Racked by food shortages and political unrest, Venezuela swelled with what organizers are calling the "mother of all protests" on Wednesday. Demonstrators have taken to the streets in the capital, Caracas, and other major cities across the country to rally against the government of President Nicolas Maduro, who assumed office precisely five years ago.
Throughout the day, those rallies often devolved into clashes between demonstrators and security forces — chaotic, violent scenes rent by tear gas, tossed rocks and even two reported deaths.
Citing witnesses in Caracas, Reuters reports that Carlos Moreno, a teenage student who had not planned to join the demonstration, was shot in the head after "government supporters approached an opposition gathering and fired shots." The news service says he later died in the hospital.
Later in the day a 23-year-old woman named Paola Ramirez was also shot and killed by pro-government groups, according to The Associated Press.
They were not the first to be felled in the course of the anti-Maduro protests that have been mounting since late last month. As of last week, five protesters — including a 13-year-old boy — had died of injuries suffered in fights with riot police.
But the protesters who showed up Wednesday vowed to keep struggling against Maduro and voicing their displeasure with the state of the country.
"This is exhausting — but we won't give up until we achieve a better country and democracy," Luiza Mayorca, a lawyer and mother of three, told NPR's Phil Reeves in Caracas. "Every time we do something, that's what we feel: that the worst thing would be to stay home, let fear take over us. This government, this regime, is making life miserable, and we cannot accept it."

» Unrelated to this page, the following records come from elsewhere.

(* For the Curie–Weiss model, for every fixed $0\le\beta<1$ and every integer $n\ge2$ there is a constant $C=C(n,\beta)>0$ such that for all $N\ge 2n$ and all pairwise distinct indices $i_1,j_1,\dots,i_n,j_n\in\{1,\dots,N\}$, $$\bigl|\langle\sigma_{i_1}\sigma_{j_1},\sigma_{i_2}\sigma_{j_2},\dots,\sigma_{i_n}\sigma_{j_n}\rangle_c\bigr|\le\frac{C}{N}.$$
   Context: Curie–Weiss model: for $\sigma\in\{-1,1\}^N$, $\mathcal H_N(\sigma)=-\frac1N\sum_{1\le i<j\le N}\sigma_i\sigma_j$, $Z_N(\beta)=\sum_\sigma e^{-\beta\mathcal H_N(\sigma)}$, and $\langle A\rangle=Z_N(\beta)^{-1}\sum_\sigma A(\sigma)e^{-\beta\mathcal H_N(\sigma)}$. The pairwise $n$-point connected correlation is the joint cumulant of $X_k=\sigma_{i_k}\sigma_{j_k}$, $k=1,\dots,n$, under $\langle\cdot\rangle$: $$\langle X_1,\dots,X_n\rangle_c=\sum_{\pi}(-1)^{|\pi|-1}(|\pi|-1)!\prod_{B\in\pi}\Bigl\langle\prod_{k\in B}X_k\Bigr\rangle,$$ the sum running over all set partitions $\pi$ of $\{1,\dots,n\}$ ($|\pi|$ = number of blocks); equivalently $\langle X_1,\dots,X_n\rangle_c=\langle X_1\cdots X_n\rangle$ minus the sum over all nontrivial partitions of products of lower-order connected correlations of the blocks. *)

theory Defs
  imports "HOL-Analysis.Analysis" "HOL-Library.Disjoint_Sets"
begin

text \<open>Spin configurations on sites 1..N, represented as functions nat => real
  that take values in {-1,1} on {1..N} and are 1 outside (canonical representative).\<close>
definition configs :: "nat \<Rightarrow> (nat \<Rightarrow> real) set" where
  "configs N = {\<sigma>. (\<forall>i\<in>{1..N}. \<sigma> i = 1 \<or> \<sigma> i = -1) \<and> (\<forall>i. i \<notin> {1..N} \<longrightarrow> \<sigma> i = 1)}"

definition cw_H :: "nat \<Rightarrow> (nat \<Rightarrow> real) \<Rightarrow> real" where
  "cw_H N \<sigma> = - (1 / real N) * (\<Sum>(i,j)\<in>{(i,j). 1 \<le> i \<and> i < j \<and> j \<le> N}. \<sigma> i * \<sigma> j)"

definition cw_Z :: "nat \<Rightarrow> real \<Rightarrow> real" where
  "cw_Z N \<beta> = (\<Sum>\<sigma>\<in>configs N. exp (- \<beta> * cw_H N \<sigma>))"

definition cw_avg :: "nat \<Rightarrow> real \<Rightarrow> ((nat \<Rightarrow> real) \<Rightarrow> real) \<Rightarrow> real" where
  "cw_avg N \<beta> A = (\<Sum>\<sigma>\<in>configs N. A \<sigma> * exp (- \<beta> * cw_H N \<sigma>)) / cw_Z N \<beta>"

text \<open>Joint cumulant of the observables X 0, ..., X (n-1) under the Gibbs measure,
  via the partition (Moebius) formula over all set partitions of {0..<n}.\<close>
definition cw_cumulant :: "nat \<Rightarrow> real \<Rightarrow> nat \<Rightarrow> (nat \<Rightarrow> (nat \<Rightarrow> real) \<Rightarrow> real) \<Rightarrow> real" where
  "cw_cumulant N \<beta> n X =
     (\<Sum>\<pi>\<in>{\<pi>. partition_on {..<n} \<pi>}.
        (-1) ^ (card \<pi> - 1) * fact (card \<pi> - 1) *
        (\<Prod>B\<in>\<pi>. cw_avg N \<beta> (\<lambda>\<sigma>. \<Prod>k\<in>B. X k \<sigma>)))"

end

theory Submission
  imports Defs
begin

(* With M = sum of all spins, the Gibbs weight is exp (beta (M^2 - N) / (2N)). Pairing each
   configuration with its flip at site a gives the spin-flip identity
     <sigma_a f> = <tanh (beta (M - sigma_a) / N) f>   for f not depending on sigma_a,
   and since |tanh x| <= |x|, summing it over all sites yields <M^2> <= beta <M^2> + beta + N,
   i.e. <M^2> = O(N) for beta < 1.
   For distinct sites a, b and a bounded g depending on neither spin, flipping a and then b gives
     <sigma_a sigma_b g> = <tanh (beta (M - sigma_b) / N) tanh (beta (M - sigma_a - sigma_b) / N) g> + O(1/N),
   the error coming from removing sigma_b from the field at a (tanh is 1-Lipschitz); the main term
   is O(<M^2> / N^2) = O(1/N). So every moment of a nonempty product of pair observables on
   disjoint sites is O(1/N). Each term of the partition formula for the cumulant contains such a
   moment, its other factors are bounded by 1, hence the cumulant is O(1/N). *)

lemma tanh_real_lipschitz:
  fixes x y :: real
  shows "\<bar>tanh x - tanh y\<bar> \<le> \<bar>x - y\<bar>"
proof -
  have "tanh x - tanh y \<le> x - y" if "y \<le> x" for x y :: real
  proof -
    have deriv: "((\<lambda>t. t - tanh t) has_real_derivative tanh t ^ 2) (at t)" for t :: real
    proof -
      have "cosh t \<noteq> 0" using cosh_real_pos[of t] by simp
      then show ?thesis by (auto intro!: derivative_eq_intros)
    qed
    then have "(\<lambda>t. t - tanh t) y \<le> (\<lambda>t. t - tanh t) x"
      by (intro DERIV_nonneg_imp_nondecreasing[OF that]) (meson deriv zero_le_power2)
    then show ?thesis by simp
  qed
  from this[of x y] this[of y x] show ?thesis
    by (cases "y \<le> x") auto
qed

lemma abs_tanh_real_le: "\<bar>tanh x\<bar> \<le> \<bar>x :: real\<bar>"
  using tanh_real_lipschitz[of x 0] by simp

lemma tanh_mult_le:
  fixes x c :: real
  assumes "c \<ge> 0"
  shows "tanh (c * x) * x \<le> c * x\<^sup>2"
proof -
  have "tanh (c * x) * x \<le> \<bar>tanh (c * x)\<bar> * \<bar>x\<bar>"
    by (simp add: abs_mult[symmetric])
  also have "\<dots> \<le> \<bar>c * x\<bar> * \<bar>x\<bar>"
    by (intro mult_right_mono abs_tanh_real_le) auto
  also have "\<dots> = c * x\<^sup>2"
    using assms by (simp add: abs_mult power2_eq_square)
  finally show ?thesis .
qed

lemma abs_tanh_scaled_le:
  fixes \<beta> h n :: real
  assumes "0 \<le> \<beta>" and "\<beta> \<le> 1" and "0 \<le> n"
  shows "\<bar>tanh (\<beta> * h / n)\<bar> \<le> \<bar>h\<bar> / n"
proof -
  have "\<bar>tanh (\<beta> * h / n)\<bar> \<le> \<beta> * (\<bar>h\<bar> / n)"
    using abs_tanh_real_le[of "\<beta> * h / n"] assms by (simp add: abs_mult)
  also have "\<dots> \<le> \<bar>h\<bar> / n"
    using assms mult_left_le_one_le[of "\<bar>h\<bar> / n" \<beta>] by simp
  finally show ?thesis .
qed

lemma abs_diff_mult_diff_le:
  fixes m s t :: real
  assumes "\<bar>s\<bar> \<le> 2" and "\<bar>t\<bar> \<le> 2"
  shows "\<bar>(m - s) * (m - t)\<bar> \<le> 2 * m\<^sup>2 + 8"
proof -
  have "\<bar>(m - s) * (m - t)\<bar> \<le> (\<bar>m\<bar> + 2) * (\<bar>m\<bar> + 2)"
    unfolding abs_mult using assms by (intro mult_mono) auto
  also have "\<dots> \<le> 2 * m\<^sup>2 + 8"
    using zero_le_power2[of "\<bar>m\<bar> - 2"] by (simp add: power2_eq_square algebra_simps)
  finally show ?thesis .
qed

lemma sum_ordered_pairs_mult:
  fixes f :: "nat \<Rightarrow> 'a :: comm_ring_1"
  shows "2 * (\<Sum>(a, b)\<in>{(a, b). 1 \<le> a \<and> a < b \<and> b \<le> N}. f a * f b)
       = (\<Sum>a=1..N. f a)\<^sup>2 - (\<Sum>a=1..N. f a * f a)"
proof (induction N)
  case 0
  have "{(a, b). 1 \<le> a \<and> a < b \<and> b \<le> (0::nat)} = {}" by auto
  then show ?case by (simp only:) simp
next
  case (Suc N)
  let ?P = "\<lambda>N. {(a, b). 1 \<le> a \<and> a < b \<and> b \<le> N}"
  have split: "?P (Suc N) = ?P N \<union> (\<lambda>a. (a, Suc N)) ` {1..N}" by auto
  have "finite (?P N)"
    by (rule finite_subset[of _ "{1..N} \<times> {1..N}"]) auto
  then have "(\<Sum>(a, b)\<in>?P (Suc N). f a * f b)
      = (\<Sum>(a, b)\<in>?P N. f a * f b) + (\<Sum>a=1..N. f a) * f (Suc N)"
    unfolding split
    by (subst sum.union_disjoint) (auto simp: sum.reindex inj_on_def sum_distrib_right)
  moreover have "(a + x)\<^sup>2 - (q + x * x) = (a\<^sup>2 - q) + 2 * (a * x)" for a q x :: 'a
    by (simp add: power2_eq_square algebra_simps)
  ultimately show ?case
    using Suc.IH by (simp add: distrib_left)
qed

lemma finite_configs: "finite (configs N)"
proof -
  have "configs N = {\<sigma>. \<forall>a. (a \<in> {1..N} \<longrightarrow> \<sigma> a \<in> {1, -1}) \<and> (a \<notin> {1..N} \<longrightarrow> \<sigma> a = 1)}"
    unfolding configs_def by auto
  then show ?thesis
    using finite_set_of_finite_funs[of "{1..N}" "{1::real, -1}" 1] by simp
qed

lemma one_in_configs: "(\<lambda>_. 1) \<in> configs N"
  unfolding configs_def by auto

lemma configs_cases: "\<sigma> \<in> configs N \<Longrightarrow> \<sigma> a = 1 \<or> \<sigma> a = -1"
  unfolding configs_def by (cases "a \<in> {1..N}") auto

lemma abs_configs: "\<sigma> \<in> configs N \<Longrightarrow> \<bar>\<sigma> a\<bar> = 1"
  using configs_cases[of \<sigma> N a] by auto

lemma configs_mult_self: "\<sigma> \<in> configs N \<Longrightarrow> \<sigma> a * \<sigma> a = 1"
  using configs_cases[of \<sigma> N a] by auto

definition magnetization :: "nat \<Rightarrow> (nat \<Rightarrow> real) \<Rightarrow> real" where
  "magnetization N \<sigma> = (\<Sum>a=1..N. \<sigma> a)"

lemma cw_H_magnetization:
  assumes "\<sigma> \<in> configs N"
  shows "cw_H N \<sigma> = (real N - (magnetization N \<sigma>)\<^sup>2) / (2 * real N)"
proof -
  have "(\<Sum>a=1..N. \<sigma> a * \<sigma> a) = real N"
    using configs_mult_self[OF assms] by simp
  then have "(\<Sum>(a, b)\<in>{(a, b). 1 \<le> a \<and> a < b \<and> b \<le> N}. \<sigma> a * \<sigma> b)
      = ((magnetization N \<sigma>)\<^sup>2 - real N) / 2"
    using sum_ordered_pairs_mult[of \<sigma> N] unfolding magnetization_def by simp
  then show ?thesis
    unfolding cw_H_def by (simp add: divide_simps)
qed

definition flip_spin :: "nat \<Rightarrow> (nat \<Rightarrow> real) \<Rightarrow> nat \<Rightarrow> real" where
  "flip_spin a \<sigma> = \<sigma>(a := - \<sigma> a)"

lemma flip_spin_in_configs: "a \<in> {1..N} \<Longrightarrow> \<sigma> \<in> configs N \<Longrightarrow> flip_spin a \<sigma> \<in> configs N"
  unfolding configs_def flip_spin_def by auto

lemma flip_spin_flip_spin [simp]: "flip_spin a (flip_spin a \<sigma>) = \<sigma>"
  unfolding flip_spin_def by auto

lemma flip_spin_same [simp]: "flip_spin a \<sigma> a = - \<sigma> a"
  unfolding flip_spin_def by simp

lemma flip_spin_other [simp]: "b \<noteq> a \<Longrightarrow> flip_spin a \<sigma> b = \<sigma> b"
  unfolding flip_spin_def by simp
(* Let $p\geq 3$ be a prime, $u\in\{1,\ldots,p-1\}$ and $s$ a positive integer. Then for every integer $n>up^{s}$ we have $$\nu_{p}\big(A_{p,(p-1)(up^s-1)}(n)\big)\geq 1.$$
   Context: For an integer $m\geq 2$ and a positive integer $k$, the integers $A_{m,k}(n)$, $n\in\mathbb{N}=\{0,1,2,\ldots\}$, are defined by the formal power series identity $\prod_{i=0}^{\infty}\big(1-x^{m^{i}}\big)^{-k}=\sum_{n=0}^{\infty}A_{m,k}(n)x^{n}$. Equivalently, $A_{m,k}(n)$ is the number of representations of $n$ as a sum of powers of $m$ where each summand carries one of $k$ colors. For a prime $p$, $\nu_p(n)$ denotes the $p$-adic valuation of the integer $n$, with $\nu_p(0)=+\infty$. *)

theory Defs
  imports "HOL-Computational_Algebra.Computational_Algebra" "HOL-Number_Theory.Number_Theory"
begin

text \<open>The series 1/(1 - x^d) = sum_{j>=0} x^(d j) for d >= 1, written out over the
  integers (int fps has no inverse operation). It satisfies
  geom_fps d * (1 - x^d) = 1.\<close>
definition geom_fps :: "nat \<Rightarrow> int fps" where
  "geom_fps d = Abs_fps (\<lambda>n. if d dvd n then 1 else 0)"

definition Aprod :: "nat \<Rightarrow> nat \<Rightarrow> nat \<Rightarrow> int fps" where
  "Aprod m k N = (\<Prod>i\<le>N. geom_fps (m ^ i) ^ k)"

text \<open>A_{m,k}(n): the n-th coefficient of prod_{i>=0} (1 - x^(m^i))^(-k).
  For m >= 2, m^i > n when i > n, so those factors are 1 modulo x^(n+1) and
  the coefficient of x^n of the infinite product equals that of the partial
  product over i <= n.\<close>
definition A :: "nat \<Rightarrow> nat \<Rightarrow> nat \<Rightarrow> int" where
  "A m k n = fps_nth (Aprod m k n) n"


end

theory Submission
  imports Defs
begin

text \<open>Modulo \<open>p\<close>, the Frobenius congruence \<open>(a - b)^p \<equiv> a^p - b^p\<close> gives
  \<open>\<Prod>i\<le>N. (1 - x^(p^i)) \<equiv> (1 - x)^(1 + p + \<dots> + p^N)\<close>, so for this product \<open>P\<close>
  we get \<open>(1 - x) P^(p-1) \<equiv> (1 - x)^(p^(N+1)) \<equiv> 1 - x^(p^(N+1))\<close>.
  Hence \<open>R = P^-(p-1)\<close>, the generating series of \<open>A p (p - 1)\<close>, satisfies
  \<open>R \<equiv> 1 - x\<close> modulo \<open>p\<close> and \<open>x^(p^(N+1))\<close>, and so \<open>R^k \<equiv> (1 - x)^k\<close>, a polynomial
  of degree \<open>k\<close>. Thus \<open>p\<close> divides \<open>A p ((p - 1) k) n\<close> whenever \<open>k < n\<close>, for every
  prime \<open>p\<close>. The theorem is the case \<open>k = u p^s - 1\<close>.\<close>

definition modeq :: "'a::comm_ring_1 \<Rightarrow> 'a \<Rightarrow> 'a \<Rightarrow> bool" where
  "modeq c a b \<longleftrightarrow> c dvd a - b"

lemma modeq_refl [simp]: "modeq c a a"
  by (simp add: modeq_def)

lemma modeq_sym: "modeq c a b \<Longrightarrow> modeq c b a"
  unfolding modeq_def by (metis dvd_minus_iff minus_diff_eq)

lemma modeq_trans [trans]:
  assumes "modeq c a b" and "modeq c b d"
  shows "modeq c a d"
proof -
  have "a - d = (a - b) + (b - d)"
    by simp
  then show ?thesis
    using assms unfolding modeq_def by (metis dvd_add)
qed

lemma modeq_mult:
  assumes "modeq c a b" and "modeq c a' b'"
  shows "modeq c (a * a') (b * b')"
proof -
  have "a * a' - b * b' = (a - b) * a' + b * (a' - b')"
    by (simp add: algebra_simps)
  then show ?thesis
    using assms unfolding modeq_def by simp
qed

lemma modeq_power: "modeq c a b \<Longrightarrow> modeq c (a ^ n) (b ^ n)"
  by (induction n) (simp_all add: modeq_mult)

lemma modeq_of_nat_fps_nth:
  fixes f g :: "'a::comm_ring_1 fps"
  assumes "modeq (of_nat c) f g"
  shows "of_nat c dvd f $ n - g $ n"
proof -
  obtain h where "f - g = fps_const (of_nat c) * h"
    using assms unfolding modeq_def fps_of_nat by blast
  then have "f $ n - g $ n = of_nat c * h $ n"
    by (metis fps_mult_left_const_nth fps_sub_nth)
  then show ?thesis by simp
qed

lemma modeq_freshmans_dream:
  fixes a b :: "'a::comm_ring_1"
  assumes "prime p"
  shows "modeq (of_nat p) ((a + b) ^ p) (a ^ p + b ^ p)"
proof -
  define t where "t k = of_nat (p choose k) * a ^ k * b ^ (p - k)" for k
  have "p > 0"
    using assms prime_gt_0_nat by blast
  then have "{..p} = insert p (insert 0 {1..<p})"
    by auto
  then have "(a + b) ^ p = t p + (t 0 + (\<Sum>k\<in>{1..<p}. t k))"
    using \<open>p > 0\<close> by (simp add: binomial_ring t_def)
  then have "(a + b) ^ p - (a ^ p + b ^ p) = (\<Sum>k\<in>{1..<p}. t k)"
    by (simp add: t_def)
  moreover have "of_nat p dvd t k" if "k \<in> {1..<p}" for k
  proof -
    have "p dvd p choose k"
      using dvd_choose_prime[of k p] assms that by simp
    then obtain c where "p choose k = p * c" ..
    then show ?thesis
      unfolding t_def by (simp add: mult.assoc)
  qed
  ultimately show ?thesis
    unfolding modeq_def by (simp only: dvd_sum)
qed

lemma modeq_freshmans_dream_diff:
  fixes a b :: "'a::comm_ring_1"
  assumes "prime p"
  shows "modeq (of_nat p) ((a - b) ^ p) (a ^ p - b ^ p)"
proof -
  have "(a - b) ^ p - (a ^ p - b ^ p) = - (a ^ p - ((a - b) ^ p + b ^ p))"
    by (simp add: algebra_simps)
  then show ?thesis
    using modeq_freshmans_dream[OF assms, of "a - b" b] unfolding modeq_def
    by (simp only: diff_add_cancel dvd_minus_iff)
qed

lemma modeq_freshmans_dream_diff_prime_power:
  fixes a b :: "'a::comm_ring_1"
  assumes "prime p"
  shows "modeq (of_nat p) ((a - b) ^ p ^ k) (a ^ p ^ k - b ^ p ^ k)"
proof (induction k)
  case (Suc k)
  have "(a - b) ^ p ^ Suc k = ((a - b) ^ p ^ k) ^ p"
    by (simp add: power_mult mult.commute flip: power_mult)
  also have "modeq (of_nat p) \<dots> ((a ^ p ^ k - b ^ p ^ k) ^ p)"
    using Suc.IH by (rule modeq_power)
  also have "modeq (of_nat p) \<dots> ((a ^ p ^ k) ^ p - (b ^ p ^ k) ^ p)"
    using assms by (rule modeq_freshmans_dream_diff)
  also have "\<dots> = a ^ p ^ Suc k - b ^ p ^ Suc k"
    by (simp add: mult.commute flip: power_mult)
  finally show ?case .
qed simp

lemma sum_gp_basic_nat: "(x - 1) * (\<Sum>i\<le>n. x ^ i) = x ^ Suc n - (1::nat)"
proof (cases "x = 0")
  case False
  then have "int ((x - 1) * (\<Sum>i\<le>n. x ^ i)) = int (x ^ Suc n - 1)"
    using sum_gp_basic[of "int x" n] by (simp add: of_nat_diff algebra_simps)
  then show ?thesis by (simp only: of_nat_eq_iff)
qed simp

lemma modeq_prod_one_minus_power:
  fixes x :: "'a::comm_ring_1"
  assumes "prime p"
  shows "modeq (of_nat p) (\<Prod>i\<le>N. 1 - x ^ p ^ i) ((1 - x) ^ (\<Sum>i\<le>N. p ^ i))"
proof (induction N)
  case (Suc N)
  have "(\<Prod>i\<le>Suc N. 1 - x ^ p ^ i) = (\<Prod>i\<le>N. 1 - x ^ p ^ i) * (1 - x ^ p ^ Suc N)"
    by simp
  also have "modeq (of_nat p) \<dots> ((1 - x) ^ (\<Sum>i\<le>N. p ^ i) * (1 - x) ^ p ^ Suc N)"
    using modeq_mult[OF Suc.IH modeq_sym[OF modeq_freshmans_dream_diff_prime_power[OF assms, of 1 x "Suc N"]]]
    by (simp only: power_one)
  also have "\<dots> = (1 - x) ^ (\<Sum>i\<le>Suc N. p ^ i)"
    by (simp add: power_add)
  finally show ?case .
qed simp

lemma modeq_one_minus_mult_prod_power:
  fixes x :: "'a::comm_ring_1"
  assumes "prime p"
  shows "modeq (of_nat p) ((1 - x) * (\<Prod>i\<le>N. 1 - x ^ p ^ i) ^ (p - 1)) (1 - x ^ p ^ Suc N)"
proof -
  have exponent: "Suc ((\<Sum>i\<le>N. p ^ i) * (p - 1)) = p ^ Suc N"
    using sum_gp_basic_nat[of p N] prime_gt_0_nat[OF assms] by (simp add: mult.commute)
  have "modeq (of_nat p) ((1 - x) * (\<Prod>i\<le>N. 1 - x ^ p ^ i) ^ (p - 1))
      ((1 - x) * ((1 - x) ^ (\<Sum>i\<le>N. p ^ i)) ^ (p - 1))"
    by (rule modeq_mult[OF modeq_refl modeq_power[OF modeq_prod_one_minus_power[OF assms]]])
  also have "\<dots> = (1 - x) ^ Suc ((\<Sum>i\<le>N. p ^ i) * (p - 1))"
    by (simp only: power_Suc power_mult)
  also have "\<dots> = (1 - x) ^ p ^ Suc N"
    by (simp only: exponent)
  also have "modeq (of_nat p) \<dots> (1 - x ^ p ^ Suc N)"
    using modeq_freshmans_dream_diff_prime_power[OF assms, of 1 x "Suc N"] by (simp only: power_one)
  finally show ?thesis .
qed

lemma geom_fps_mult_one_minus_X_power:
  assumes "d > 0"
  shows "geom_fps d * (1 - fps_X ^ d) = 1"
proof (rule fps_ext)
  fix n
  have "(geom_fps d * (1 - fps_X ^ d)) $ n = geom_fps d $ n - (fps_X ^ d * geom_fps d) $ n"
    by (simp add: algebra_simps)
  also have "\<dots> = (if n = 0 then 1 else 0)"
    using assms by (cases "n < d") (auto simp: geom_fps_def fps_X_power_mult_nth nat_dvd_not_less dvd_minus_self)
  finally show "(geom_fps d * (1 - fps_X ^ d)) $ n = 1 $ n"
    by simp
qed

lemma Aprod_mult_prod_one_minus_X_power:
  assumes "m > 0"
  shows "Aprod m k N * (\<Prod>i\<le>N. 1 - fps_X ^ m ^ i) ^ k = 1"
proof -
  have "(\<Prod>i\<le>N. geom_fps (m ^ i)) * (\<Prod>i\<le>N. 1 - fps_X ^ m ^ i) = 1"
    using assms by (simp add: geom_fps_mult_one_minus_X_power flip: prod.distrib)
  moreover have "Aprod m k N = (\<Prod>i\<le>N. geom_fps (m ^ i)) ^ k"
    by (simp add: Aprod_def prod_power_distrib)
  ultimately show ?thesis
    by (simp flip: power_mult_distrib)
qed

lemma Aprod_mult: "Aprod m (k * l) N = Aprod m k N ^ l"
  by (simp add: Aprod_def power_mult prod_power_distrib)

lemma fps_nth_one_minus_X_power:
  "m < n \<Longrightarrow> ((1 - fps_X :: 'a::comm_ring_1 fps) ^ m) $ n = 0"
proof (induction m arbitrary: n)
  case (Suc m)
  have "((1 - fps_X :: 'a fps) ^ Suc m) $ n = ((1 - fps_X) ^ m) $ n - (fps_X * (1 - fps_X) ^ m) $ n"
    by (simp add: algebra_simps)
  then show ?case
    using Suc by simp
qed simp

lemma fps_nth_power_add_X_power_mult:
  fixes a h :: "'a::comm_ring_1 fps"
  assumes "n < M"
  shows "((a + fps_X ^ M * h) ^ k) $ n = (a ^ k) $ n"
proof -
  obtain t where "(a + fps_X ^ M * h) ^ k - a ^ k = fps_X ^ M * t"
    using power_diff_sumr2[of "a + fps_X ^ M * h" k a] by (simp add: mult.assoc)
  then have "(a + fps_X ^ M * h) ^ k = a ^ k + fps_X ^ M * t"
    by (simp add: algebra_simps)
  then show ?thesis
    using assms by (simp add: fps_X_power_mult_nth)
qed

lemma modeq_Aprod_pred:
  fixes p N :: nat
  assumes "prime p"
  defines "R \<equiv> Aprod p (p - 1) N"
  shows "modeq (of_nat p) R (1 - fps_X + fps_X ^ p ^ Suc N * R)"
proof -
  define P :: "int fps" where "P = (\<Prod>i\<le>N. 1 - fps_X ^ p ^ i)"
  have "R * P ^ (p - 1) = 1"
    unfolding R_def P_def using assms(1) prime_gt_0_nat by (blast intro: Aprod_mult_prod_one_minus_X_power)
  then have "(1 - fps_X) * P ^ (p - 1) * R = 1 - fps_X"
    by (metis mult.assoc mult.commute mult_1_right)
  moreover have "modeq (of_nat p) ((1 - fps_X) * P ^ (p - 1) * R) ((1 - fps_X ^ p ^ Suc N) * R)"
    unfolding P_def by (rule modeq_mult[OF modeq_one_minus_mult_prod_power[OF assms(1)] modeq_refl])
  ultimately have "modeq (of_nat p) (1 - fps_X) ((1 - fps_X ^ p ^ Suc N) * R)"
    by (simp only:)
  moreover have "R - (1 - fps_X + fps_X ^ p ^ Suc N * R) = - ((1 - fps_X) - (1 - fps_X ^ p ^ Suc N) * R)"
    by (simp add: algebra_simps)
  ultimately show ?thesis
    unfolding modeq_def by (simp only: dvd_minus_iff)
qed

lemma prime_dvd_A_pred_mult:
  assumes "prime p" and "k < n"
  shows "int p dvd A p ((p - 1) * k) n"
proof -
  define R where "R = Aprod p (p - 1) n"
  define M where "M = p ^ Suc n"
  have "int p dvd (R ^ k) $ n - ((1 - fps_X + fps_X ^ M * R) ^ k) $ n"
    unfolding R_def M_def by (rule modeq_of_nat_fps_nth[OF modeq_power[OF modeq_Aprod_pred[OF assms(1)]]])
  moreover have "n < M"
    unfolding M_def using power_gt_expt[of p "Suc n"] prime_gt_1_nat[OF assms(1)] by simp
  then have "((1 - fps_X + fps_X ^ M * R) ^ k) $ n = ((1 - fps_X) ^ k) $ n"
    by (rule fps_nth_power_add_X_power_mult)
  moreover have "((1 - fps_X :: int fps) ^ k) $ n = 0"
    using assms(2) by (rule fps_nth_one_minus_X_power)
  moreover have "A p ((p - 1) * k) n = (R ^ k) $ n"
    unfolding A_def R_def Aprod_mult ..
  ultimately show ?thesis
    by simp
qed

theorem theorem3p1:
  fixes p u s n :: nat
  assumes "prime p" and "p \<ge> 3"
    and "1 \<le> u" and "u \<le> p - 1"
    and "s \<ge> 1"
    and "n > u * p ^ s"
  shows "(int p) dvd A p ((p - 1) * (u * p ^ s - 1)) n"
proof -
  have "u * p ^ s - 1 < n"
    using assms(6) by simp
  then show ?thesis
    using assms(1) by (rule prime_dvd_A_pred_mult[rotated])
qed

end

"We want to get out of all this oppression and dictatorship, all the mistreatment we have had — the hunger, the kids dying in the countryside, the poverty," another protester, an unemployed schoolteacher named Libertad Diaz, told Phil.
By several media accounts, hundreds of thousands of anti-Maduro demonstrators flooded city streets to protest bread scarcity, ballooning inflation — which several estimates peg at triple digits — and what they see as an increasingly dictatorial regime.
Protesters point to a moment a few weeks ago as proof of Maduro's ever-tightening grasp on the levers of power, when a Supreme Court loyal to the president attempted to nullify the opposition-dominated Legislature. The court backpedaled and restored power to the body after the abortive attempt drew anger both in Venezuela and the international community.
Maduro's opposition is also demanding new elections, which were indefinitely postponed last year — mere months after Maduro also canceled a recall referendum that could have ousted him from power.
"What will end the phase in which our country currently finds itself? Allowing free and democratic elections and respecting the constitution, to put a stop to this coup d'état that's being staged and controlled by Maduro together with the Supreme Court," Henrique Capriles, a leading figure of the opposition, tells the German broadcaster Deutsche Welle.
Capriles, whom Deutsche Welle calls "the opposition's most promising candidate for the coming elections in 2018," was banned last week from holding office for 15 years — a move Capriles says he does not recognize.
Maduro, for his part, has rejected the unrest as manufactured by forces outside Venezuela's borders.
"The US government, the state department, have given the green light, the approval for a coup process to intervene in Venezuela," Maduro said in a televised address Tuesday, according to The Guardian.
In response to Wednesday's massive protests, which had long been in the works, Al-Jazeera reports Maduro ordered the Venezuelan military to march in Caracas in "defense of morality" and "in repudiation of the traitors of the country."
"From the first reveille, from the first rooster crow, the Bolivarian National Armed Forces will be in the streets ... saying, 'Long live the Bolivarian Revolution,' " he announced, referring to the populist "revolution" that brought his predecessor, Hugo Chávez, to power in 1999.
The military presence did little to ease the upheaval, however — or to dissuade protesters like Diaz.